Single Threaded (zipf 0.9, 10m keys)
zig build bench -Doptimize=ReleaseFast
or
zig build bench -Doptimize=ReleaseFast -Dreplay=true -Dshards=1 -Dthreads=1 -Dauto='20:50000' -Dzipf='0.9' -Dkeys=10000000 -Dduration=10000
Single Threaded (zipf 0.7, 10m keys)
zig build bench -Doptimize=ReleaseFast -Dzipf='0.7'
or
zig build bench -Doptimize=ReleaseFast -Dreplay=true -Dshards=1 -Dthreads=1 -Dauto='20:50000' -Dzipf='0.7' -Dkeys=10000000 -Dduration=10000
Zigache is in its early stages. Our main priority is on implementing features, with performance improvements as a secondary priority. Here are some things we have planned for the future:
- 🧪 Improved benchmarking suite
- ⚙️ Runtime-configurable API
- 📦 Batch operations support
- 📊 Metrics and monitoring
- 🔄 Configuration to adjust eviction policies
- 🔓 Lock-free data structures
- 📚 More extensive examples
- ⚡️ Async (non-blocking) I/O operations
💡 We value your input! Have suggestions for our roadmap? Feel free to open an issue or start a discussion.
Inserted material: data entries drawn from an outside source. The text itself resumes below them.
(* Let $H$ be a real or complex Hilbert space of dimension $n$, let $N\ge n$, let $\{q_i\}_{i=1}^N$ be a weight number sequence, and let $F=\{f_i\}_{i=1}^N$ be a probabilistic uniform Parseval frame for $H$. Then its canonical dual is the unique 1-erasure probabilistic optimal dual of $F$, and therefore it is an $m$-erasure probabilistic optimal dual of $F$ for every $m$.
   Context: Inner products are linear in the first argument. A frame $F=\{f_i\}_{i=1}^N$ for $H$ is Parseval if $\sum_i|\langle f,f_i\rangle|^2=\|f\|^2$ for all $f$. A probabilistic uniform Parseval frame is a Parseval frame with $\|f_i\|^2=1/q_i$ for all $i$. Frame operator: $S_F=\Theta_F^*\Theta_F$, where $\Theta_Ff=(\langle f,f_i\rangle)_i$. The canonical dual is $\{S_F^{-1}f_i\}$. A dual of $F$ is a frame $G=\{g_i\}_{i=1}^N$ with $f=\sum_i\langle f,f_i\rangle g_i=\sum_i\langle f,g_i\rangle f_i$ for all $f$. A probability sequence satisfies $0\le p_i\le1$ and $\sum p_i=1$. Weight numbers: $q_i=\frac{\sum_jp_j}{\sum_jp_j-p_i}\cdot\frac{N-1}{n}$ (assumed well defined). For $1\le m\le N$, $\mathcal{D}_m^p$ is the set of $N\times N$ diagonal matrices $D$ for which there is $\Lambda$ with $|\Lambda|=m$, $D_{ii}=q_i$ for $i\in\Lambda$ and $0$ otherwise. $d_m^p(F,G)=\max\{\|\Theta_G^*D\Theta_F\|:D\in\mathcal{D}_m^p\}$ (operator norm), where $\Theta_G^*(c)=\sum_ic_ig_i$. Optimal duals are defined recursively: - $G$ is a 1-erasure probabilistic optimal dual of $F$ if $d_1^p(F,G)=\inf\{d_1^p(F,G'):G'\text{ a dual of }F\}$; - for $m\ge2$, $G$ is an $m$-erasure probabilistic optimal dual if it is an $(m-1)$-erasure probabilistic optimal dual and $d_m^p(F,G)=\inf\{d_m^p(F,G'):G'\text{ an }(m-1)\text{-erasure probabilistic optimal dual of }F\}$. *)

theory Defs
  imports "HOL-Analysis.Analysis"
begin

text \<open>The Hilbert space H of dimension n = CARD('n) is modelled (up to isometric
isomorphism) as K^n inside complex^'n, where the scalar field K is either the reals
(K = Reals) or the complex numbers (K = UNIV).  Frames are indexed by {0..<N}.\<close>

definition hspace :: "complex set \<Rightarrow> (complex ^ 'n) set" where
  "hspace K = {x. \<forall>i. x $ i \<in> K}"

definition ip :: "complex ^ 'n \<Rightarrow> complex ^ 'n \<Rightarrow> complex" where
  "ip x y = (\<Sum>i\<in>UNIV. x $ i * cnj (y $ i))"

definition is_frame :: "complex set \<Rightarrow> nat \<Rightarrow> (nat \<Rightarrow> complex ^ 'n) \<Rightarrow> bool" where
  "is_frame K N F \<longleftrightarrow> (\<forall>i<N. F i \<in> hspace K) \<and>
     (\<exists>A B. 0 < A \<and> A \<le> B \<and> (\<forall>f\<in>hspace K.
        A * (norm f)\<^sup>2 \<le> (\<Sum>i<N. (cmod (ip f (F i)))\<^sup>2) \<and>
        (\<Sum>i<N. (cmod (ip f (F i)))\<^sup>2) \<le> B * (norm f)\<^sup>2))"

definition is_parseval :: "complex set \<Rightarrow> nat \<Rightarrow> (nat \<Rightarrow> complex ^ 'n) \<Rightarrow> bool" where
  "is_parseval K N F \<longleftrightarrow> (\<forall>i<N. F i \<in> hspace K) \<and>
     (\<forall>f\<in>hspace K. (\<Sum>i<N. (cmod (ip f (F i)))\<^sup>2) = (norm f)\<^sup>2)"

definition prob_seq :: "nat \<Rightarrow> (nat \<Rightarrow> real) \<Rightarrow> bool" where
  "prob_seq N p \<longleftrightarrow> (\<forall>i<N. 0 \<le> p i \<and> p i \<le> 1) \<and> (\<Sum>i<N. p i) = 1"

definition weight :: "nat \<Rightarrow> nat \<Rightarrow> (nat \<Rightarrow> real) \<Rightarrow> nat \<Rightarrow> real" where
  "weight n N p i = (\<Sum>j<N. p j) / ((\<Sum>j<N. p j) - p i) * (real N - 1) / real n"

definition is_prob_uniform_parseval ::
  "complex set \<Rightarrow> nat \<Rightarrow> (nat \<Rightarrow> real) \<Rightarrow> (nat \<Rightarrow> complex ^ 'n) \<Rightarrow> bool" where
  "is_prob_uniform_parseval K N q F \<longleftrightarrow> is_parseval K N F \<and>
     (\<forall>i<N. (norm (F i))\<^sup>2 = 1 / q i)"

definition frame_op :: "nat \<Rightarrow> (nat \<Rightarrow> complex ^ 'n) \<Rightarrow> complex ^ 'n \<Rightarrow> complex ^ 'n" where
  "frame_op N F f = (\<Sum>i<N. ip f (F i) *s F i)"

definition canonical_dual ::
  "complex set \<Rightarrow> nat \<Rightarrow> (nat \<Rightarrow> complex ^ 'n) \<Rightarrow> nat \<Rightarrow> complex ^ 'n" where
  "canonical_dual K N F i = inv_into (hspace K) (frame_op N F) (F i)"

definition is_dual :: "complex set \<Rightarrow> nat \<Rightarrow> (nat \<Rightarrow> complex ^ 'n) \<Rightarrow> (nat \<Rightarrow> complex ^ 'n) \<Rightarrow> bool" where
  "is_dual K N F G \<longleftrightarrow> is_frame K N G \<and>
     (\<forall>f\<in>hspace K. f = (\<Sum>i<N. ip f (F i) *s G i) \<and> f = (\<Sum>i<N. ip f (G i) *s F i))"

definition op_norm :: "complex set \<Rightarrow> (complex ^ 'n \<Rightarrow> complex ^ 'n) \<Rightarrow> real" where
  "op_norm K T = Sup {norm (T f) | f. f \<in> hspace K \<and> norm f \<le> 1}"

text \<open>Theta_G^* D Theta_F for D in D_m^p with support Lambda: f maps to
  sum over i in Lambda of q_i <f,f_i> g_i.\<close>
definition erasure_op :: "(nat \<Rightarrow> real) \<Rightarrow> nat set \<Rightarrow> (nat \<Rightarrow> complex ^ 'n) \<Rightarrow> (nat \<Rightarrow> complex ^ 'n)
    \<Rightarrow> complex ^ 'n \<Rightarrow> complex ^ 'n" where
  "erasure_op q \<Lambda> F G f = (\<Sum>i\<in>\<Lambda>. (complex_of_real (q i) * ip f (F i)) *s G i)"

definition d_erasure :: "complex set \<Rightarrow> nat \<Rightarrow> (nat \<Rightarrow> real) \<Rightarrow> nat \<Rightarrow>
    (nat \<Rightarrow> complex ^ 'n) \<Rightarrow> (nat \<Rightarrow> complex ^ 'n) \<Rightarrow> real" where
  "d_erasure K N q m F G =
     Max {op_norm K (erasure_op q \<Lambda> F G) | \<Lambda>. \<Lambda> \<subseteq> {..<N} \<and> card \<Lambda> = m}"

text \<open>opt_dual K N q m F G: G is an m-erasure probabilistic optimal dual of F
  (for m \<ge> 1); opt_dual ... 0 F G just means G is a dual of F.\<close>
fun opt_dual :: "complex set \<Rightarrow> nat \<Rightarrow> (nat \<Rightarrow> real) \<Rightarrow> nat \<Rightarrow>
    (nat \<Rightarrow> complex ^ 'n) \<Rightarrow> (nat \<Rightarrow> complex ^ 'n) \<Rightarrow> bool" where
  "opt_dual K N q 0 F G = is_dual K N F G"
| "opt_dual K N q (Suc m) F G = (opt_dual K N q m F G \<and>
     d_erasure K N q (Suc m) F G =
       Inf {d_erasure K N q (Suc m) F G' | G'. opt_dual K N q m F G'})"

end

theory Submission
  imports Defs
begin

text \<open>A Parseval frame has the identity as frame operator, so its canonical dual is \<open>F\<close>
itself, and for every dual \<open>G\<close> comparing traces gives
\<open>\<Sum>\<^sub>i Re \<langle>g\<^sub>i, f\<^sub>i\<rangle> = n = \<Sum>\<^sub>i \<parallel>f\<^sub>i\<parallel>\<^sup>2\<close>.
The one-erasure error is \<open>d\<^sub>1(F,G) = max\<^sub>i q\<^sub>i \<parallel>f\<^sub>i\<parallel> \<parallel>g\<^sub>i\<parallel>\<close>, which for a uniform frame
(\<open>q\<^sub>i \<parallel>f\<^sub>i\<parallel>\<^sup>2 = 1\<close>) is \<open>max\<^sub>i \<parallel>g\<^sub>i\<parallel> / \<parallel>f\<^sub>i\<parallel>\<close>. By Cauchy-Schwarz
\<open>n \<le> \<Sum>\<^sub>i \<parallel>g\<^sub>i\<parallel> \<parallel>f\<^sub>i\<parallel> \<le> d\<^sub>1(F,G) n\<close>, so \<open>d\<^sub>1(F,G) \<ge> 1 = d\<^sub>1(F,F)\<close>, and equality forces
\<open>g\<^sub>i = f\<^sub>i\<close> for all \<open>i\<close>. Every \<open>m\<close>-erasure optimal dual is in particular one-erasure optimal,
so this uniqueness makes \<open>F\<close> optimal for every \<open>m\<close>.\<close>

lemma inner_eq_Re_ip: "inner x y = Re (ip x y)" for x y :: "complex ^ 'n"
  unfolding inner_vec_def ip_def by (simp add: inner_complex_def Re_sum)

lemma ip_self: "ip x x = complex_of_real ((norm x)\<^sup>2)" for x :: "complex ^ 'n"
proof -
  have "Im (ip x x) = 0" unfolding ip_def by (simp add: Im_sum)
  moreover have "Re (ip x x) = (norm x)\<^sup>2" by (simp add: power2_norm_eq_inner inner_eq_Re_ip)
  ultimately show ?thesis by (simp add: complex_eq_iff)
qed

lemma ip_commute: "ip y x = cnj (ip x y)"
  unfolding ip_def by (simp add: mult.commute)

lemma ip_smult_left: "ip (c *s x) y = c * ip x y"
  unfolding ip_def by (simp add: sum_distrib_left mult.assoc)

lemma ip_add_left: "ip (x + y) z = ip x z + ip y z"
  unfolding ip_def by (simp add: sum.distrib distrib_right)

lemma ip_diff_left: "ip (x - y) z = ip x z - ip y z"
  unfolding ip_def by (simp add: sum_subtractf left_diff_distrib)

lemma ip_zero_left: "ip 0 z = 0"
  unfolding ip_def by simp

lemma ip_sum_left: "ip (\<Sum>i\<in>A. x i) z = (\<Sum>i\<in>A. ip (x i) z)"
  by (induction A rule: infinite_finite_induct) (auto simp: ip_add_left ip_zero_left)

lemma ip_axis_right: "ip x (axis k 1) = x $ k"
  unfolding ip_def axis_def by (simp add: if_distrib cong: if_cong)

lemma ip_axis_left: "ip (axis k 1) x = cnj (x $ k)"
  by (subst ip_commute) (simp add: ip_axis_right)

lemma scaleR_eq_smult: "r *\<^sub>R x = complex_of_real r *s x" for x :: "complex ^ 'n"
proof -
  have "(r *\<^sub>R x) $ i = complex_of_real r * x $ i" for i
    by (metis vector_scaleR_component scaleR_conv_of_real)
  thus ?thesis by (simp add: vec_eq_iff del: vector_scaleR_component)
qed

lemma norm_smult: "norm (c *s x) = cmod c * norm x" for x :: "complex ^ 'n"
proof -
  have "(norm (c *s x))\<^sup>2 = (cmod c * norm x)\<^sup>2"
    unfolding power2_norm_eq_inner power_mult_distrib inner_vec_def
    by (simp add: inner_complex_def sum_distrib_left algebra_simps power2_eq_square cmod_power2)
  thus ?thesis by (simp add: power2_eq_iff_nonneg)
qed

lemma cmod_ip_le: "cmod (ip x y) \<le> norm x * norm y" for x y :: "complex ^ 'n"
proof (cases "ip x y = 0")
  case False
  \<comment> \<open>Rotate \<open>x\<close> by a unimodular scalar so that the complex inner product becomes real.\<close>
  define c where "c = cnj (ip x y) / cmod (ip x y)"
  have "ip (c *s x) y = cnj (ip x y) * ip x y / cmod (ip x y)"
    by (simp add: ip_smult_left c_def)
  also have "\<dots> = complex_of_real (cmod (ip x y))"
    using False by (simp add: complex_norm_square[symmetric] mult.commute power2_eq_square)
  finally have "cmod (ip x y) = inner (c *s x) y" by (simp add: inner_eq_Re_ip)
  also have "\<dots> \<le> norm (c *s x) * norm y" by (rule norm_cauchy_schwarz)
  also have "\<dots> = norm x * norm y" using False by (simp add: norm_smult c_def norm_divide)
  finally show ?thesis .
qed simp

lemma cmod_add_sq_minus_cmod_diff_sq: "(cmod (u + v))\<^sup>2 - (cmod (u - v))\<^sup>2 = 4 * Re (u * cnj v)"
  unfolding cmod_power2 by (simp add: algebra_simps power2_eq_square)

lemma norm_add_sq_minus_norm_diff_sq:
  "(norm (x + y))\<^sup>2 - (norm (x - y))\<^sup>2 = 4 * inner x y" for x y :: "'a::real_inner"
  by (simp add: power2_norm_eq_inner inner_add inner_diff inner_commute)

lemma hspace_axis: "K = \<real> \<or> K = UNIV \<Longrightarrow> axis k 1 \<in> hspace K"
  unfolding hspace_def axis_def by auto

lemma hspace_add: "K = \<real> \<or> K = UNIV \<Longrightarrow> x \<in> hspace K \<Longrightarrow> y \<in> hspace K \<Longrightarrow> x + y \<in> hspace K"
  unfolding hspace_def by auto

lemma hspace_diff: "K = \<real> \<or> K = UNIV \<Longrightarrow> x \<in> hspace K \<Longrightarrow> y \<in> hspace K \<Longrightarrow> x - y \<in> hspace K"
  unfolding hspace_def by auto

lemma hspace_scaleR: "K = \<real> \<or> K = UNIV \<Longrightarrow> x \<in> hspace K \<Longrightarrow> r *\<^sub>R x \<in> hspace K"
  unfolding hspace_def scaleR_eq_smult by (auto simp: Reals_mult)

lemma frame_op_component: "frame_op N F f $ k = (\<Sum>i<N. ip f (F i) * F i $ k)"
  unfolding frame_op_def by (simp add: sum_component)

lemma Re_ip_frame_op_parseval:
  assumes K: "K = \<real> \<or> K = UNIV" and P: "is_parseval K N F"
    and x: "x \<in> hspace K" and g: "g \<in> hspace K"
  shows "Re (ip (frame_op N F x) g) = Re (ip x g)"
proof -
  have par: "\<And>f. f \<in> hspace K \<Longrightarrow> (\<Sum>i<N. (cmod (ip f (F i)))\<^sup>2) = (norm f)\<^sup>2"
    using P unfolding is_parseval_def by auto
  have "4 * Re (ip (frame_op N F x) g) = (\<Sum>i<N. 4 * Re (ip x (F i) * cnj (ip g (F i))))"
    unfolding frame_op_def ip_sum_left
    by (simp add: ip_smult_left ip_commute[of "F _" g] Re_sum sum_distrib_left)
  also have "\<dots> = (\<Sum>i<N. (cmod (ip (x + g) (F i)))\<^sup>2) - (\<Sum>i<N. (cmod (ip (x - g) (F i)))\<^sup>2)"
    by (simp add: sum_subtractf[symmetric] ip_add_left ip_diff_left cmod_add_sq_minus_cmod_diff_sq)
  also have "\<dots> = (norm (x + g))\<^sup>2 - (norm (x - g))\<^sup>2"
    using par hspace_add[OF K x g] hspace_diff[OF K x g] by simp
  also have "\<dots> = 4 * Re (ip x g)" by (simp add: norm_add_sq_minus_norm_diff_sq inner_eq_Re_ip)
  finally show ?thesis by simp
qed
This project is licensed under the MIT License. See the LICENSE.md file for details.
Is Zigache production-ready?
Zigache is currently in early development. Although it has been tested and benchmarked, it may not yet be suitable for all production environments. If you decide to use it in a production setting, please report any problems you encounter.
Which eviction policy should I choose?
It depends on your use case:
- SIEVE: Best for high throughput and high hit rate. (recommended)
- TinyLFU: Best for customizability and high hit rate.
- S3FIFO: Decent throughput with a decent hit rate.
- LRU: Reliable for standard needs but falls behind compared to other options.
- FIFO: High throughput, but lowest hit rates.
Can I use Zigache in a multi-threaded environment?
Yes, Zigache supports thread-safe operations and sharding. Sharding reduces contention and there are plans to improve performance further in the future.
What type of keys does Zigache support?
Zigache supports most key types like strings, integers, structs, arrays, pointers, enums, and optionals. However, floats are not supported due to precision issues.
How can I contribute to Zigache?
We welcome contributions! Please follow the Zig Style Guide and ensure that your changes include appropriate tests.